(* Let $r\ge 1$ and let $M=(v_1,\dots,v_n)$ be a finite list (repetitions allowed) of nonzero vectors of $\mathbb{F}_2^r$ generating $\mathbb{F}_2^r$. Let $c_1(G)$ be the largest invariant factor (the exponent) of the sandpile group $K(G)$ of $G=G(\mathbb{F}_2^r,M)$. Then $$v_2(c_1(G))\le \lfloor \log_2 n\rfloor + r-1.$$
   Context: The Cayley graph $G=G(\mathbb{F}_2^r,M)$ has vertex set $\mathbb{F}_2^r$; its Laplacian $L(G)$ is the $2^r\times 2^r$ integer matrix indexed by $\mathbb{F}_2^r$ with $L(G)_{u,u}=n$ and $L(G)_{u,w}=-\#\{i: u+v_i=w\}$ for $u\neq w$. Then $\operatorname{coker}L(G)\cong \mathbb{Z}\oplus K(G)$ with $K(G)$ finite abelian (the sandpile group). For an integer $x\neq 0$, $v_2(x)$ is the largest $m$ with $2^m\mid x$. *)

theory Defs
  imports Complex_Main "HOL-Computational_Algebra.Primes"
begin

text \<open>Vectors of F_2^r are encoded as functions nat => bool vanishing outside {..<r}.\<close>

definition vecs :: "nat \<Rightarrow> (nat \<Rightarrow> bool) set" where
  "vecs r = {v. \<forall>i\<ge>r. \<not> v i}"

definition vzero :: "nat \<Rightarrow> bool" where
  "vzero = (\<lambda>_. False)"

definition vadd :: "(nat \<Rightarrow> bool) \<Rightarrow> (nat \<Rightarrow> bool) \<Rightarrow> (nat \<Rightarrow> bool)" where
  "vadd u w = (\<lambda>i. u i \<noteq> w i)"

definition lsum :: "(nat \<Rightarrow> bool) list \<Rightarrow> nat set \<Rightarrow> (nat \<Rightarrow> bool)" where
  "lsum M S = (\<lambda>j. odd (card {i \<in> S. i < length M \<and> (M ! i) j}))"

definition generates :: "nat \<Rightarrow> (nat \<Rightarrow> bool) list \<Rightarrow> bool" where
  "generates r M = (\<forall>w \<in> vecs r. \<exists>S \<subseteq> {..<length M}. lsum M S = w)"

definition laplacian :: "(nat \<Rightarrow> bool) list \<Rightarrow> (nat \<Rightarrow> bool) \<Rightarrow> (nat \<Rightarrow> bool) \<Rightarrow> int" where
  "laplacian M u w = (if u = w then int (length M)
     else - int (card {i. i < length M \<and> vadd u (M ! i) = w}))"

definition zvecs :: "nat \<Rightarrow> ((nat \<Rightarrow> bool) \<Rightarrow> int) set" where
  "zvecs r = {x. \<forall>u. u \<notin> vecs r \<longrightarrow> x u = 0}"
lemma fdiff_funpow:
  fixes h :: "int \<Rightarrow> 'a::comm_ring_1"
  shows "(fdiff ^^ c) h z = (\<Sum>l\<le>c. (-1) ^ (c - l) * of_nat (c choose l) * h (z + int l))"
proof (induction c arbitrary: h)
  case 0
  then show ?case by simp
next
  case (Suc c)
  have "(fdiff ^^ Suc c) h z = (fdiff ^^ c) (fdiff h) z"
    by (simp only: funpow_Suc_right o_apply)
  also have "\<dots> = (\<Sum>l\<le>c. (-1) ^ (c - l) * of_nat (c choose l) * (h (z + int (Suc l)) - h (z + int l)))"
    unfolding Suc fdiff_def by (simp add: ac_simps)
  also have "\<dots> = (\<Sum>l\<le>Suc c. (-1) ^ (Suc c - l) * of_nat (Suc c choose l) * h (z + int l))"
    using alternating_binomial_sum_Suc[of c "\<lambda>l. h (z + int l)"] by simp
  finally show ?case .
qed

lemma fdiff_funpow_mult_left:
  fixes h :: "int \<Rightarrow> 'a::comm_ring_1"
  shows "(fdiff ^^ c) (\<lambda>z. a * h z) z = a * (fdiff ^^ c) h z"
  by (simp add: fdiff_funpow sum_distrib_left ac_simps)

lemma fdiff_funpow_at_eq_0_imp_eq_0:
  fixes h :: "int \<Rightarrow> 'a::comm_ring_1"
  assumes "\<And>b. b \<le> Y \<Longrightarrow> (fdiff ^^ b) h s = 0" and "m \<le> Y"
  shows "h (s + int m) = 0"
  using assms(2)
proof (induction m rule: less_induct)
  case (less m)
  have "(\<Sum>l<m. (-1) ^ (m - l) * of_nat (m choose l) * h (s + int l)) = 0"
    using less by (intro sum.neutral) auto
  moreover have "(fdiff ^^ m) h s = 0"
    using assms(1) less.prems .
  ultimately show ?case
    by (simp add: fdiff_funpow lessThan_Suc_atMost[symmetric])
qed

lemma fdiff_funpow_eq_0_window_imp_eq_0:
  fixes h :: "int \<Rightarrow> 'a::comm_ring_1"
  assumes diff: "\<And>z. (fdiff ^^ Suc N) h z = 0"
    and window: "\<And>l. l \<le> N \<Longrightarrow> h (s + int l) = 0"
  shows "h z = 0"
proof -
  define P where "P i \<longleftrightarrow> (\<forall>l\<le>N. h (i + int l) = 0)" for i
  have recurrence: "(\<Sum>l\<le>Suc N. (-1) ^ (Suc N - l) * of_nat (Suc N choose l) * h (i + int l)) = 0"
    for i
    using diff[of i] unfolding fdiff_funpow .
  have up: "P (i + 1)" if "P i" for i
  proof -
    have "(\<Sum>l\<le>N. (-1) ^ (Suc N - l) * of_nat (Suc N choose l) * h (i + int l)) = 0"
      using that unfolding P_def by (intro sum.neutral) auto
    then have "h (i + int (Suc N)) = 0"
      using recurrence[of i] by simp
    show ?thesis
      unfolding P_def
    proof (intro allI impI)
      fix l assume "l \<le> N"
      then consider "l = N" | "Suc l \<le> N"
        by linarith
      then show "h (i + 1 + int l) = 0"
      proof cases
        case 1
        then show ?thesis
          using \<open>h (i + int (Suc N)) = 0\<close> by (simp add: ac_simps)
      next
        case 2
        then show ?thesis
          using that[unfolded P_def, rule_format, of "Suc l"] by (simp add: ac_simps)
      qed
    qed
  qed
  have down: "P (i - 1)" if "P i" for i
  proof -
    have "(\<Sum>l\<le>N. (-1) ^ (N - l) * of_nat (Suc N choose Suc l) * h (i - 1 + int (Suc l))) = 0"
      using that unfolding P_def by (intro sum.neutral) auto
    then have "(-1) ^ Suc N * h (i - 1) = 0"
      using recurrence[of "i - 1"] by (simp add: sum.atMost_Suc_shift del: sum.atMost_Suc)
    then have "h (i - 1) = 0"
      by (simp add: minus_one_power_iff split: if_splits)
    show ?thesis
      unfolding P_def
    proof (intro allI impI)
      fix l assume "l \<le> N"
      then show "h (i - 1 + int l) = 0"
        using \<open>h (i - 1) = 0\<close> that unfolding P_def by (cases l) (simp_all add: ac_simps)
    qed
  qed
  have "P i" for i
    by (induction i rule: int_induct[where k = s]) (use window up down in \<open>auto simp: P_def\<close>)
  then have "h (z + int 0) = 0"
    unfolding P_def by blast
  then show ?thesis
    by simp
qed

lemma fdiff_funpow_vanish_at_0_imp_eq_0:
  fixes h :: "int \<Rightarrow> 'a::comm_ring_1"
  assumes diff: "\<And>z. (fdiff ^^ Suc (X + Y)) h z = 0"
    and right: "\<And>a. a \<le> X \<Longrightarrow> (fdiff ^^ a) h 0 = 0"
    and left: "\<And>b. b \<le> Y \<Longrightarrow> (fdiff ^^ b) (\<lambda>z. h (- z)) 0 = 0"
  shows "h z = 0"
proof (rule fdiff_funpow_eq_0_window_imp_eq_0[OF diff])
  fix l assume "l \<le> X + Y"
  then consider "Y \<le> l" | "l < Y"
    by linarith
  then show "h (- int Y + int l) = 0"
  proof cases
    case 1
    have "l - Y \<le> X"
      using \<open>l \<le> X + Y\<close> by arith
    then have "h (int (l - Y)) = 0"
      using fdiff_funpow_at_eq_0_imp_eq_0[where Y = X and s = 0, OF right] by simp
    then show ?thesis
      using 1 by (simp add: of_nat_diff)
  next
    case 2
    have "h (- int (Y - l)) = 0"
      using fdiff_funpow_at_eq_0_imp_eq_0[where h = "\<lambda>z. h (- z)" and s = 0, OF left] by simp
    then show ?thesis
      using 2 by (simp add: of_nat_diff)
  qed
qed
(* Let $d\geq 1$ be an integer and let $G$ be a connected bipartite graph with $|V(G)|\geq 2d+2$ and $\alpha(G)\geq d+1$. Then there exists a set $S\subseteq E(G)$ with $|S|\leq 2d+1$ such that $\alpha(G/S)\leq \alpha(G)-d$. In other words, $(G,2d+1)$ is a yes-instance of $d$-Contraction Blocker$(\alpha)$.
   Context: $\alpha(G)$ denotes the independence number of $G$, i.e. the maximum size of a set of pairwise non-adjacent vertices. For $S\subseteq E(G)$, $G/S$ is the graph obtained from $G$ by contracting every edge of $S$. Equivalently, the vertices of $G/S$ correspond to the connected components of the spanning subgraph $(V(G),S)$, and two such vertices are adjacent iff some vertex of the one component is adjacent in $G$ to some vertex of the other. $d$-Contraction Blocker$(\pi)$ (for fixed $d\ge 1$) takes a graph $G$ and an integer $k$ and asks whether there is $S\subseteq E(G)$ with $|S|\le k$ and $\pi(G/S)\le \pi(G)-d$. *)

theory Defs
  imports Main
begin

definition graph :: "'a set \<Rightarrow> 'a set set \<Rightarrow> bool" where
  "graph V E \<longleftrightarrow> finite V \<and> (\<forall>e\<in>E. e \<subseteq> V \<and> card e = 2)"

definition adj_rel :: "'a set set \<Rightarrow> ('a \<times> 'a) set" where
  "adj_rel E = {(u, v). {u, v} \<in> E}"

* * *

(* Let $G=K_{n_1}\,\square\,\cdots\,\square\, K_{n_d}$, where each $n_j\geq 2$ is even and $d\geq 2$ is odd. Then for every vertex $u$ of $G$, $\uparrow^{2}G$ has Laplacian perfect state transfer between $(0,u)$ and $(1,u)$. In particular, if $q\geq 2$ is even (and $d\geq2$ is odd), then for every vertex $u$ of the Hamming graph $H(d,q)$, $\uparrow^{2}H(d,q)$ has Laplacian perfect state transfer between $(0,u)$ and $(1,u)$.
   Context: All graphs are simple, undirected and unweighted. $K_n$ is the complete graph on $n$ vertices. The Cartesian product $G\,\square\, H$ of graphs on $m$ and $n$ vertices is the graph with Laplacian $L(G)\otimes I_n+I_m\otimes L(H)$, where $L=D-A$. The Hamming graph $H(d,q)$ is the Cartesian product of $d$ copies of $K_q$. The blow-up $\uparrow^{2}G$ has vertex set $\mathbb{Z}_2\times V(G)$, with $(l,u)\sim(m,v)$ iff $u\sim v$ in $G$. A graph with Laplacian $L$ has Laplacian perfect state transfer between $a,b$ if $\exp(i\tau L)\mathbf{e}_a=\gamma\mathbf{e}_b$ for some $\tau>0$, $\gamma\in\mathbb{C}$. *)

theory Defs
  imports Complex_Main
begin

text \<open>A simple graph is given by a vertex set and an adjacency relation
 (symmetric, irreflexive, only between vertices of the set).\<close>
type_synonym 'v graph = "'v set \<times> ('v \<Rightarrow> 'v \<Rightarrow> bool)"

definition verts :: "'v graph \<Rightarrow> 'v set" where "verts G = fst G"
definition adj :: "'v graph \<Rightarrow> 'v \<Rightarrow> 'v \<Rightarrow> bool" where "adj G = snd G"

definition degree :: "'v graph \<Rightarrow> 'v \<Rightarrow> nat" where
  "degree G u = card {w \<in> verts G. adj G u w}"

* * *

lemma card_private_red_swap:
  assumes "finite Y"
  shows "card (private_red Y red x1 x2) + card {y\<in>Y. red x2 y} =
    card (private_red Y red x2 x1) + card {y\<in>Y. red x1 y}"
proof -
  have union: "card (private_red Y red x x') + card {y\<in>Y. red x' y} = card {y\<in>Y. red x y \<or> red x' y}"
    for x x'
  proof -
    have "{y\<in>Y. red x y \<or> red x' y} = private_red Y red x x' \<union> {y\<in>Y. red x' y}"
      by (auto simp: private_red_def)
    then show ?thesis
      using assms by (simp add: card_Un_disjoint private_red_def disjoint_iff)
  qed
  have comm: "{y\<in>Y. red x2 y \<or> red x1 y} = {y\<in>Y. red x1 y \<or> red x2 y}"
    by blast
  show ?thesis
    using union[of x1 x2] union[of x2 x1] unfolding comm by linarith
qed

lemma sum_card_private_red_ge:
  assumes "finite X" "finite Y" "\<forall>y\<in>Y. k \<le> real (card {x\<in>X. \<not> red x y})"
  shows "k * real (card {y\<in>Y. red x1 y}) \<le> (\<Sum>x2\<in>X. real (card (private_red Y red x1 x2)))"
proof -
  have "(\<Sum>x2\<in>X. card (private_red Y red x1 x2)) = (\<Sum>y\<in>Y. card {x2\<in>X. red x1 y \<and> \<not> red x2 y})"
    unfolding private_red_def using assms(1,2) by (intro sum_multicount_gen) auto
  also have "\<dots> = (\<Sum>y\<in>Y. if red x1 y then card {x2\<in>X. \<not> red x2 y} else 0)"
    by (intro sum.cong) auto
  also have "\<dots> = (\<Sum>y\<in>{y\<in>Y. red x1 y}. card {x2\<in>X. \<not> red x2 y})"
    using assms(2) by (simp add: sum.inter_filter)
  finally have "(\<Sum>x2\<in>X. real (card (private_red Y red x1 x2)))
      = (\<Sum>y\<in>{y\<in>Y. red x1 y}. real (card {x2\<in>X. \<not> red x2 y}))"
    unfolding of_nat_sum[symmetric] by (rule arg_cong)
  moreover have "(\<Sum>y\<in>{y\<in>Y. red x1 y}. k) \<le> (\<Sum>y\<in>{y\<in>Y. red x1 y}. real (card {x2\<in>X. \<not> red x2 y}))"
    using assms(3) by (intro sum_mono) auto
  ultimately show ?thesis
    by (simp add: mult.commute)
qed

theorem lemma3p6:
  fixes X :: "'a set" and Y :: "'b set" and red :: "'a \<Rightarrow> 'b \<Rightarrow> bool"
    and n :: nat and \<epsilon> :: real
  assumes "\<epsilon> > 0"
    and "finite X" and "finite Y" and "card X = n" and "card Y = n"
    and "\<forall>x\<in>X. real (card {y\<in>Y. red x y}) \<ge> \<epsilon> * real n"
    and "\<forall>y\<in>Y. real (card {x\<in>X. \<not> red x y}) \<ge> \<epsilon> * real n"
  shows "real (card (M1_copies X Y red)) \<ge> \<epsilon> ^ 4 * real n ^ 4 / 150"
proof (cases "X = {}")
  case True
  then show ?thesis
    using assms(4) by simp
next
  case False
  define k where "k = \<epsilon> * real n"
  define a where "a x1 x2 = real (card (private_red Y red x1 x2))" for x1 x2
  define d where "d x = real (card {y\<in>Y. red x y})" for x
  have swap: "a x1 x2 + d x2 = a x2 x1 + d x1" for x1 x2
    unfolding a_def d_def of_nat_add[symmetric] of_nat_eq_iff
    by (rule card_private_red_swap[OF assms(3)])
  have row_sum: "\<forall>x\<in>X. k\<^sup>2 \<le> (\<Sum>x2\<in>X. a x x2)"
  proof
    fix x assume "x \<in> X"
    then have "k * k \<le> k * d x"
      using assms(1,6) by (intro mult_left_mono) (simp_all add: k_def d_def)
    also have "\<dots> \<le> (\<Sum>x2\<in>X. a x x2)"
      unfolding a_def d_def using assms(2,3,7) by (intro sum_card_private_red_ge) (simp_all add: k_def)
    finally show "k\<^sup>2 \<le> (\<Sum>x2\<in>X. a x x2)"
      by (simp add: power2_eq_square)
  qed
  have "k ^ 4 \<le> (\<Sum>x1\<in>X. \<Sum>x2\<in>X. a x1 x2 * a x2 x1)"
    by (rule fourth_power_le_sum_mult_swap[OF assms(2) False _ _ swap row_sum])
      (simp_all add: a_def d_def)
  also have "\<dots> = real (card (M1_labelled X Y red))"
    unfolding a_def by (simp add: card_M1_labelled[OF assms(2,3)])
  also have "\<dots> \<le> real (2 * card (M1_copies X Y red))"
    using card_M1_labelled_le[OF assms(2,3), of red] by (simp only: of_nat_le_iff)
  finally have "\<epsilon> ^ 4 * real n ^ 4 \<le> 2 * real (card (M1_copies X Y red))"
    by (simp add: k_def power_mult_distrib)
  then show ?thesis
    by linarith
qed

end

§ WHAT YOU HAVE TO DO
For the string "simple", find every line of the material that contains it, and copy each one.

§ EXERCISE RESPONSE
   Context: All graphs are simple, undirected and unweighted. $K_n$ is the complete graph on $n$ vertices. The Cartesian product $G\,\square\, H$ of graphs on $m$ and $n$ vertices is the graph with Laplacian $L(G)\otimes I_n+I_m\otimes L(H)$, where $L=D-A$. The Hamming graph $H(d,q)$ is the Cartesian product of $d$ copies of $K_q$. The blow-up $\uparrow^{2}G$ has vertex set $\mathbb{Z}_2\times V(G)$, with $(l,u)\sim(m,v)$ iff $u\sim v$ in $G$. A graph with Laplacian $L$ has Laplacian perfect state transfer between $a,b$ if $\exp(i\tau L)\mathbf{e}_a=\gamma\mathbf{e}_b$ for some $\tau>0$, $\gamma\in\mathbb{C}$. *)
text \<open>A simple graph is given by a vertex set and an adjacency relation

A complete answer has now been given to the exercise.